If a rock is thrown upward on the Planet Mars with a velocity of 10 m/s, its height in meters t seconds later it is given by \(y = {\bf{10}}t - {\bf{1}}.{\bf{86}}{t^{\bf{2}}}\).

(a) Find the average velocity over the given time intervals:

(i) \(\left( {{\bf{1}},{\bf{2}}} \right)\)

(ii) \(\left( {{\bf{1}},{\bf{1}}.{\bf{5}}} \right)\)

(iii) \(\left( {{\bf{1}},{\bf{1}}.{\bf{1}}} \right)\)

(iv) \(\left( {{\bf{1}},{\bf{1}}.{\bf{01}}} \right)\)

(v) \(\left( {{\bf{1}},{\bf{1}}.{\bf{001}}} \right)\)

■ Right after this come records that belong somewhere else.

lemma period2_Gba_imp_V_level:
  fixes a b :: real
  assumes a: "a > 0" and b: "b > 0" and P: "period2 (Gba b a) (x, y)"
  shows "V b a (x, y) = - (a * b)"
proof -
  define z where "z = - x + y / (a + y\<^sup>2)"
  define w where "w = - y + z / (b + z\<^sup>2)"
  have "Gba b a (x, y) = (z, w)"
    by (simp add: Gba_def G_def z_def w_def)
  moreover have "Gba b a (z, w)
      = (- z + w / (a + w\<^sup>2), - w + (- z + w / (a + w\<^sup>2)) / (b + (- z + w / (a + w\<^sup>2))\<^sup>2))"
    by (simp add: Gba_def G_def)
  ultimately have returns: "- z + w / (a + w\<^sup>2) = x" "- w + x / (b + x\<^sup>2) = y"
    and moved: "(z, w) \<noteq> (x, y)"
    using P by (auto simp: period2_def)
  have "y / (a + y\<^sup>2) = w / (a + w\<^sup>2)"
    using returns(1) by (simp add: z_def)
  then have wy: "y = w \<or> y * w = a"
    by (simp add: div_add_sq_eq_iff[OF a])
  have "x / (b + x\<^sup>2) = z / (b + z\<^sup>2)"
    using returns(2) by (simp add: w_def)
  then have xz: "x = z \<or> x * z = b"
    by (simp add: div_add_sq_eq_iff[OF b])
  show ?thesis
  proof (cases "x * z = b")
    case True
    then have "x \<noteq> 0" "z = b / x"
      using b by (auto simp: field_simps)
    then show ?thesis
      by (simp add: V_eq_neg_ab_iff[OF a b] z_def)
  next
    case False
    with xz moved wy have "y * w = a" by auto
    then have "y \<noteq> 0" "w = a / y"
      using a by (auto simp: field_simps)
    then have "V a b (y, x) = - (b * a)"
      using returns(2) by (simp add: V_eq_neg_ab_iff[OF b a] add.commute)
    then show ?thesis
      by (simp add: V_swap mult.commute)
  qed
qed

lemma period2_Gba_iff:
  fixes a b :: real
  assumes a: "a > 0" and b: "b > 0"
  shows "period2 (Gba b a) p \<longleftrightarrow> V b a p = - (a * b) \<and> a * b \<noteq> 1 / 16"
proof
  assume P: "period2 (Gba b a) p"
  then have "V b a p = - (a * b)"
    using period2_Gba_imp_V_level[OF a b, of "fst p" "snd p"] by simp
  with P show "V b a p = - (a * b) \<and> a * b \<noteq> 1 / 16"
    using Gba_fixed_on_V_level_iff[OF a b] by (simp add: period2_def)
next
  assume "V b a p = - (a * b) \<and> a * b \<noteq> 1 / 16"
  then show "period2 (Gba b a) p"
    using Gba_Gba_on_V_level[OF a b] Gba_fixed_on_V_level_iff[OF a b] by (simp add: period2_def)
qed

section \<open>Level sets of convex functions are spheres\<close>

lemma convex_on_compose_linear:
  assumes f: "convex_on UNIV f" and l: "linear l"
  shows "convex_on UNIV (\<lambda>x. f (l x))"
proof (rule convex_onI)
  fix t :: real and x y
  assume "0 < t" "t < 1"
  then show "f (l ((1 - t) *\<^sub>R x + t *\<^sub>R y)) \<le> (1 - t) * f (l x) + t * f (l y)"
    using convex_onD[OF f, of t "l x" "l y"] by (simp add: linear_add[OF l] linear_scale[OF l])
qed simp

lemma convex_on_sublevel_convex:
  assumes "convex_on UNIV f"
  shows "convex {x. f x \<le> k}"
proof (rule convexI)
  fix x y and u v :: real
  assume "x \<in> {x. f x \<le> k}" "y \<in> {x. f x \<le> k}" "0 \<le> u" "0 \<le> v" "u + v = 1"
  then show "u *\<^sub>R x + v *\<^sub>R y \<in> {x. f x \<le> k}"
    using convex_lower[OF assms, of x y u v] by simp
qed

lemma convex_on_level_notin_interior_sublevel:
  fixes f :: "'a::real_normed_vector \<Rightarrow> real"
  assumes f: "convex_on UNIV f" and z: "f z < f x"
  shows "x \<notin> interior {y. f y \<le> f x}"
proof
  assume "x \<in> interior {y. f y \<le> f x}"
  then obtain e where e: "e > 0" "ball x e \<subseteq> {y. f y \<le> f x}"
    by (auto simp: mem_interior)
  have "x \<noteq> z" using z by auto
  then have n: "norm (x - z) > 0" by simp
  \<comment> \<open>q lies beyond x on the ray from z, so x is a proper convex combination of z and q\<close>
  define d where "d = e / (2 * norm (x - z))"
  have d: "d > 0" using e n by (simp add: d_def)
  define q where "q = x + d *\<^sub>R (x - z)"
  have "dist x q = e / 2"
    using n d e by (simp add: q_def d_def dist_norm)
  then have "q \<in> ball x e" using e by simp
  then have fq: "f q \<le> f x" using e by blast
  define u where "u = 1 / (1 + d)"
  have u: "0 < u" "u < 1" using d by (auto simp: u_def)
  have "x = u *\<^sub>R ((1 + d) *\<^sub>R x)"
    using d by (simp add: u_def)
  also have "\<dots> = u *\<^sub>R q + (u * d) *\<^sub>R z"
    by (simp add: q_def algebra_simps)
  also have "u * d = 1 - u"
    using d by (simp add: u_def field_simps)
  finally have "x = (1 - u) *\<^sub>R z + u *\<^sub>R q"
    by (simp add: add.commute)
  then have "f x \<le> (1 - u) * f z + u * f q"
    using convex_onD[OF f, of u z q] u by simp
  also have "\<dots> < (1 - u) * f x + u * f x"
    using z fq u by (intro add_less_le_mono mult_strict_left_mono mult_left_mono) auto
  finally show False by (simp add: algebra_simps)
qed

lemma convex_level_set_homeomorphic_sphere:
  fixes f :: "'a::euclidean_space \<Rightarrow> real"
  assumes f: "convex_on UNIV f" and bdd: "bounded {x. f x \<le> k}" and z: "f z < k"
  shows "{x. f x = k} homeomorphic sphere (0::'a) 1"
proof -
  let ?K = "{x. f x \<le> k}"
  have cont: "continuous_on UNIV f"
    by (rule convex_on_continuous[OF open_UNIV f])
  have "closed ?K"
    by (rule closed_Collect_le[OF cont continuous_on_const])
  have sub: "{x. f x < k} \<subseteq> interior ?K"
    by (rule interior_maximal) (auto intro: open_Collect_less[OF cont continuous_on_const])
  then have ne: "interior ?K \<noteq> {}"
    using z by blast
  have "frontier ?K = {x. f x = k}"
  proof
    show "frontier ?K \<subseteq> {x. f x = k}"
      using sub \<open>closed ?K\<close> by (force simp: frontier_def)
    show "{x. f x = k} \<subseteq> frontier ?K"
      using convex_on_level_notin_interior_sublevel[OF f, of z] z \<open>closed ?K\<close>
      by (force simp: frontier_def)
  qed
  moreover have "aff_dim ?K = aff_dim (cball (0::'a) 1)"
  proof -
    have "aff_dim (interior ?K) = int DIM('a)"
      by (rule aff_dim_open) (use ne in auto)
    then show ?thesis
      using aff_dim_subset[OF interior_subset, of ?K] aff_dim_le_DIM[of ?K] aff_dim_cball[of 1 "0::'a"]
      by simp
  qed
  then have "rel_frontier ?K homeomorphic rel_frontier (cball (0::'a) 1)"
    using convex_on_sublevel_convex[OF f] bdd
    by (intro homeomorphic_rel_frontiers_convex_bounded_sets) auto
  ultimately show ?thesis
    using rel_frontier_nonempty_interior[OF ne] by simp
qed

(b) Estimate the instantaneous velocity when \(t = {\bf{1}}\).

Short answer

(a) (i) 4.42 m/s (ii) 5.35 m/s (iii) 6.094 m/s (iv) 6.2614 m/s (v) 6.27814 m/s

(b) 6.28 m/s

Step-by-step solution

Step 1:Obtain the height at \(t = {\bf{1}}\)

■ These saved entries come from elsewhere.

(* Let $D\subset\mathbb{R}^{n-1}$ be a bounded $C^\infty$ domain, $\ell>0$, $\Omega=D\times(0,\ell)$, $\partial\Omega_1=(D\times\{0\})\cup(D\times\{\ell\})$, $\partial\Omega_2=\partial D\times[0,\ell]$, $\alpha\ge0$, $f\in L^2(\Omega)$, and let $v$ solve $-\Delta v=f^{\#}$ in $\Omega$, $\frac{\partial v}{\partial\nu}=0$ on $\partial\Omega_1$, $\frac{\partial v}{\partial\nu}+\alpha v=0$ on $\partial\Omega_2$, where $f^{\#}$ is the decreasing rearrangement of $f$ in the $y$-direction; when $\alpha=0$ assume $f$ and $v$ have zero mean on $\Omega$. Assume $f$ and $f^{\#}$ are continuous on $\overline\Omega$ and sufficiently regular that $v\in C^2(\overline\Omega)$ and the solution $u$ of the same problem with data $f$ in place of $f^{\#}$ (zero mean when $\alpha=0$) lies in $C^2(\overline\Omega)$. Then $v=v^{\#}$ on $\Omega$.
   Context: Points of $\Omega$ are $(x,y)$, $x\in D$, $y\in(0,\ell)$. For $g\in L^1(0,\ell)$, $g^*(t)=\inf\{s:|\{g>s\}|\le t\}$ for $0<t<\ell$ (endpoints: ess sup, ess inf). For $h$ on $\Omega$, $h^{\#}(x,y)=(h^x)^*(y)$ with $h^x(y)=h(x,y)$. *)

theory Defs
  imports "HOL-Analysis.Analysis"
begin

definition grad :: "('a::euclidean_space \<Rightarrow> real) \<Rightarrow> 'a \<Rightarrow> 'a" where
  "grad f x = (\<Sum>i\<in>Basis. frechet_derivative f (at x) i *\<^sub>R i)"

fun Ck :: "nat \<Rightarrow> ('a::euclidean_space \<Rightarrow> real) \<Rightarrow> bool" where
  "Ck 0 f = continuous_on UNIV f"
| "Ck (Suc k) f = (f differentiable_on UNIV \<and> continuous_on UNIV f \<and>
      (\<forall>i\<in>Basis. Ck k (\<lambda>x. frechet_derivative f (at x) i)))"

definition smooth :: "('a::euclidean_space \<Rightarrow> real) \<Rightarrow> bool" where
  "smooth f \<longleftrightarrow> (\<forall>k. Ck k f)"

definition smooth_bounded_domain :: "'a::euclidean_space set \<Rightarrow> ('a \<Rightarrow> real) \<Rightarrow> bool" where
  "smooth_bounded_domain D \<rho> \<longleftrightarrow> open D \<and> connected D \<and> D \<noteq> {} \<and> bounded D \<and>
     smooth \<rho> \<and> D = {x. \<rho> x < 0} \<and> frontier D = {x. \<rho> x = 0} \<and>
     (\<forall>x\<in>frontier D. grad \<rho> x \<noteq> 0)"

definition outer_normal :: "('a::euclidean_space \<Rightarrow> real) \<Rightarrow> 'a \<Rightarrow> 'a" where
  "outer_normal \<rho> x = (1 / norm (grad \<rho> x)) *\<^sub>R grad \<rho> x"

definition drearr :: "real \<Rightarrow> (real \<Rightarrow> real) \<Rightarrow> real \<Rightarrow> real" where
  "drearr l g t = Inf {s. measure lebesgue {y \<in> {0<..<l}. g y > s} \<le> t}"

definition ysharp :: "real \<Rightarrow> ('a \<times> real \<Rightarrow> real) \<Rightarrow> 'a \<times> real \<Rightarrow> real" where
  "ysharp l h p = drearr l (\<lambda>y. h (fst p, y)) (snd p)"

definition cyl :: "'a set \<Rightarrow> real \<Rightarrow> ('a \<times> real) set" where
  "cyl D l = D \<times> {0<..<l}"

text \<open>w is C^2 on the open set U with derivatives up to order 2 extending
  continuously to closure U; G is the (extended) gradient, H p i the (extended)
  gradient of the i-th partial derivative.\<close>
definition C2_closure_data ::
  "('n::euclidean_space) set \<Rightarrow> ('n \<Rightarrow> real) \<Rightarrow> ('n \<Rightarrow> 'n) \<Rightarrow> ('n \<Rightarrow> 'n \<Rightarrow> 'n) \<Rightarrow> bool" where
  "C2_closure_data U w G H \<longleftrightarrow>
     (\<forall>p\<in>U. (w has_derivative (\<lambda>h. G p \<bullet> h)) (at p)) \<and>
     (\<forall>p\<in>U. \<forall>i\<in>Basis. ((\<lambda>q. G q \<bullet> i) has_derivative (\<lambda>h. H p i \<bullet> h)) (at p)) \<and>
     continuous_on (closure U) w \<and> continuous_on (closure U) G \<and>
     (\<forall>i\<in>Basis. continuous_on (closure U) (\<lambda>p. H p i))"

text \<open>Classical solution in C^2(closure Omega) of
  -Lap w = F in Omega, dw/dnu = 0 on bottom and top, dw/dnu + alpha w = 0 on the lateral boundary.\<close>
definition is_solution ::
  "'a::euclidean_space set \<Rightarrow> ('a \<Rightarrow> real) \<Rightarrow> real \<Rightarrow> real \<Rightarrow> ('a \<times> real \<Rightarrow> real) \<Rightarrow> ('a \<times> real \<Rightarrow> real) \<Rightarrow> bool" where
  "is_solution D \<rho> l \<alpha> F w \<longleftrightarrow>
     (\<exists>G H. C2_closure_data (cyl D l) w G H \<and>
        (\<forall>p\<in>cyl D l. - (\<Sum>i\<in>Basis. H p i \<bullet> i) = F p) \<and>
        (\<forall>x\<in>D. G (x, 0) \<bullet> (0, -1) = 0 \<and> G (x, l) \<bullet> (0, 1) = 0) \<and>
        (\<forall>x\<in>frontier D. \<forall>y\<in>{0..l}.
            G (x, y) \<bullet> (outer_normal \<rho> x, 0) + \<alpha> * w (x, y) = 0))"

end

theory Submission
  imports Defs
begin

text \<open>
  Since the rearrangement \<open>f\<^sup>#\<close> is nonincreasing in \<open>y\<close>, for \<open>h > 0\<close> the vertical difference
  \<open>Z(x, y) = v(x, y + h) - v(x, y)\<close> satisfies \<open>\<Delta>Z = f\<^sup>#(x, y) - f\<^sup>#(x, y + h) \<ge> 0\<close> on \<open>D \<times> (0, l - h)\<close>,
  together with the Robin condition on the lateral boundary. As \<open>\<partial>\<^sub>y v\<close> vanishes on the top and
  bottom and is uniformly continuous, \<open>Z \<le> h \<eta>\<close> on the two ends once \<open>h\<close> is small, and the
  maximum principle propagates this bound to the whole cylinder. Summing such increments gives
  \<open>v(x, y\<^sub>2) - v(x, y\<^sub>1) \<le> (y\<^sub>2 - y\<^sub>1) \<eta>\<close> for every \<open>\<eta> > 0\<close>, so \<open>v\<close> is nonincreasing in \<open>y\<close>;
  a continuous nonincreasing function is its own decreasing rearrangement.

  Adding \<open>\<epsilon> (y - a)\<^sup>2\<close> makes the Laplacian strictly
  positive, which is impossible at an interior maximum; at a lateral boundary maximum above
  \<open>M \<ge> 0\<close> the Robin condition makes the outward derivative nonpositive, the one-sided first-order
  conditions then force the gradient to vanish, and the second-order conditions along inward
  rays extend by continuity to all directions.
\<close>

section \<open>One-variable calculus\<close>

lemma continuous_on_pos_initial_segment:
  fixes h :: "real \<Rightarrow> real"
  assumes t: "t > 0" and cont: "continuous_on {0..t} h" and pos: "h 0 > 0"
  obtains s1 where "0 < s1" "s1 \<le> t" "\<And>s. 0 \<le> s \<Longrightarrow> s \<le> s1 \<Longrightarrow> h s > 0"
proof -
  have "continuous (at 0 within {0..t}) h"
    using cont t by (simp add: continuous_on_eq_continuous_within)
  then have "\<forall>\<^sub>F s in at 0 within {0..t}. h s > 0"
    using pos by (simp add: continuous_within order_tendstoD(1))
  then obtain e where e: "e > 0" "\<And>s. s \<in> {0..t} \<Longrightarrow> s \<noteq> 0 \<Longrightarrow> dist s 0 < e \<Longrightarrow> h s > 0"
    by (auto simp: eventually_at)
  show thesis
  proof (rule that[of "min t (e/2)"])
    show "h s > 0" if "0 \<le> s" "s \<le> min t (e/2)" for s
    proof (cases "s = 0")
      case False
      with that e(1) have "s \<in> {0..t}" "dist s 0 < e" by (auto simp: dist_real_def)
      with False e(2) show ?thesis by blast
    qed (use pos in simp)
  qed (use e t in auto)
qed

lemma max_at_left_endpoint_derivs:
  fixes \<phi> g q :: "real \<Rightarrow> real"
  assumes t: "t > 0"
    and cont: "continuous_on {0..t} \<phi>" "continuous_on {0..t} g" "continuous_on {0..t} q"
    and \<phi>': "\<And>s. 0 < s \<Longrightarrow> s < t \<Longrightarrow> (\<phi> has_real_derivative g s) (at s)"
    and g': "\<And>s. 0 < s \<Longrightarrow> s < t \<Longrightarrow> (g has_real_derivative q s) (at s)"
    and max: "\<And>s. 0 \<le> s \<Longrightarrow> s \<le> t \<Longrightarrow> \<phi> s \<le> \<phi> 0"
  shows "g 0 \<le> 0 \<and> (g 0 = 0 \<longrightarrow> q 0 \<le> 0)"
proof -
  have increasing: "f 0 < f s1"
    if "0 < s1" "s1 \<le> t" "continuous_on {0..t} f"
      "\<And>s. 0 < s \<Longrightarrow> s < s1 \<Longrightarrow> \<exists>y. (f has_real_derivative y) (at s) \<and> y > 0"
    for f :: "real \<Rightarrow> real" and s1
  proof (rule DERIV_pos_imp_increasing_open[of 0 s1 f])
    show "continuous_on {0..s1} f"
      by (rule continuous_on_subset[OF that(3)]) (use that(2) in auto)
  qed (use that in auto)
  have first: "g 0 \<le> 0"
  proof (rule ccontr)
    assume "\<not> g 0 \<le> 0"
    then have "g 0 > 0" by simp
    then obtain s1 where s1: "0 < s1" "s1 \<le> t" "\<And>s. 0 \<le> s \<Longrightarrow> s \<le> s1 \<Longrightarrow> g s > 0"
      using continuous_on_pos_initial_segment[OF t cont(2)] by blast
    have "\<phi> 0 < \<phi> s1"
    proof (rule increasing[OF s1(1,2) cont(1)])
      fix s assume "0 < s" "s < s1"
      then show "\<exists>y. (\<phi> has_real_derivative y) (at s) \<and> y > 0"
        using \<phi>'[of s] s1(2) s1(3)[of s] by auto
    qed
    with max[of s1] s1 show False by simp
  qed
  have second: "q 0 \<le> 0" if g0: "g 0 = 0"
  proof (rule ccontr)
    assume "\<not> q 0 \<le> 0"
    then have "q 0 > 0" by simp
    then obtain s1 where s1: "0 < s1" "s1 \<le> t" "\<And>s. 0 \<le> s \<Longrightarrow> s \<le> s1 \<Longrightarrow> q s > 0"
      using continuous_on_pos_initial_segment[OF t cont(3)] by blast
    have g_pos: "g s > 0" if "0 < s" "s \<le> s1" for s
    proof -
      have "g 0 < g s"
      proof (rule increasing[of s g])
        fix r assume "0 < r" "r < s"
        then show "\<exists>y. (g has_real_derivative y) (at r) \<and> y > 0"
          using g'[of r] that s1(2) s1(3)[of r] by auto
      qed (use that s1(2) cont(2) in auto)
      with g0 show ?thesis by simp
    qed
    have "\<phi> 0 < \<phi> s1"
    proof (rule increasing[OF s1(1,2) cont(1)])
      fix s assume "0 < s" "s < s1"
      then show "\<exists>y. (\<phi> has_real_derivative y) (at s) \<and> y > 0"
        using \<phi>'[of s] s1(2) g_pos[of s] by auto
    qed
    with max[of s1] s1 show False by simp
  qed
  from first second show ?thesis by blast
qed

lemma diff_le_of_deriv_le:
  fixes \<phi> \<phi>' :: "real \<Rightarrow> real"
  assumes "a < b" "continuous_on {a..b} \<phi>"
    and "\<And>s. a < s \<Longrightarrow> s < b \<Longrightarrow> (\<phi> has_real_derivative \<phi>' s) (at s)"
    and "\<And>s. a < s \<Longrightarrow> s < b \<Longrightarrow> \<phi>' s \<le> c"
  shows "\<phi> b - \<phi> a \<le> (b - a) * c"
proof -
  obtain L z where z: "a < z" "z < b" "DERIV \<phi> z :> L" "\<phi> b - \<phi> a = (b - a) * L"
    using MVT[OF assms(1,2)] assms(3) real_differentiable_def by metis
  have "L \<le> c"
    using DERIV_unique[OF z(3) assms(3)[OF z(1,2)]] assms(4)[OF z(1,2)] by simp
  with z(4) assms(1) show ?thesis by (simp add: mult_left_mono)
qed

Substitute 1 for t in the equation \(y = 10t - 1.86{t^2}\).

\(\begin{aligned}{c}y\left( 1 \right) &= 10\left( 1 \right) - 1.86{\left( 1 \right)^2}\\ &= 10 - 1.86\\ &= 8.14\end{aligned}\)

Thus, \(y\left( 1 \right) = 8.14\).

Write the expression for the average velocity

The Step 3: The average velocity in the given intervals between 1 and \(1 + h\) can be written as:

\(\begin{aligned}{c}{v_{avg}} &= \frac{{y\left( {1 + h} \right) - y\left( 1 \right)}}{{\left( {1 + h} \right) - 1}}\\ &= \frac{{\left( {10\left( {1 + h} \right) - 1.86{{\left( {1 + h} \right)}^2}} \right) - 8.14}}{h}\\ &= \frac{{6.28h - 1.86{h^2}}}{h}\end{aligned}\)

Thus, the average velocity is \({v_{avg}} = \frac{{6.28h - 1.86{h^2}}}{h}\).

The average velocity in the given intervals

For the interval \(\left( {1,2} \right)\), and \(h = 1\).

Substitute 1 for h in the equation \({v_{avg}} = \frac{{6.28h - 1.86{h^2}}}{h}\).

\(\begin{aligned}{c}{v_{avg}} &= \frac{{6.28\left( 1 \right) - 1.86{{\left( 1 \right)}^2}}}{1}\\ &= 4.42\;{\rm{m/s}}\end{aligned}\)

For the interval \(\left( {1,1.5} \right)\), and \(h = 0.5\).

Substitute 0.5 for h in the equation \({v_{avg}} = \frac{{6.28h - 1.86{h^2}}}{h}\).

\(\begin{aligned}{c}{v_{avg}} &= \frac{{6.28\left( {0.5} \right) - 1.86{{\left( {0.5} \right)}^2}}}{{0.5}}\\ &= 5.35\;{\rm{m/s}}\end{aligned}\)

For the interval \(\left( {1,1.1} \right)\), and \(h = 0.1\).

Substitute 0.1 for h in the equation \({v_{avg}} = \frac{{6.28h - 1.86{h^2}}}{h}\).

\(\begin{aligned}{c}{v_{avg}} &= \frac{{6.28\left( {0.1} \right) - 1.86{{\left( {0.1} \right)}^2}}}{{0.1}}\\ &= 6.094\;{\rm{m/s}}\end{aligned}\)

For the interval \(\left( {1,1.01} \right)\), and \(h = 0.01\).

Substitute 0.01 for h in the above equation.

\(\begin{aligned}{v_{avg}} &= \frac{{6.28\left( {0.01} \right) - 1.86{{\left( {0.01} \right)}^2}}}{{0.01}}\\ &= 6.2614\;{\rm{m/s}}\end{aligned}\)

For the interval \(\left( {1,1.001} \right)\), \(h = 0.001\).

Substitute 0.001 for h in the equation \({v_{avg}} = \frac{{6.28h - 1.86{h^2}}}{h}\).

\(\begin{aligned}{c}{v_{avg}} &= \frac{{6.28\left( {0.001} \right) - 1.86{{\left( {0.001} \right)}^2}}}{{0.001}}\\ &= 6.27814\;{\rm{m/s}}\end{aligned}\)

The instantaneous velocity

The instantaneous velocity can be calculated by the expression \(\mathop {\lim }\limits_{h \to 0} {v_{avg}}\) as shown below:

\(\begin{aligned}{c}\mathop {\lim }\limits_{h \to 0} {v_{avg}} &= \mathop {\lim }\limits_{h \to 0} \frac{{6.28h - 1.86{h^2}}}{h}\\ &= \mathop {\lim }\limits_{h \to 0} \left( {6.28 - 1.86h} \right)\\ &= 6.28\end{aligned}\)

So, the instantaneous velocity is 6.28 m/s.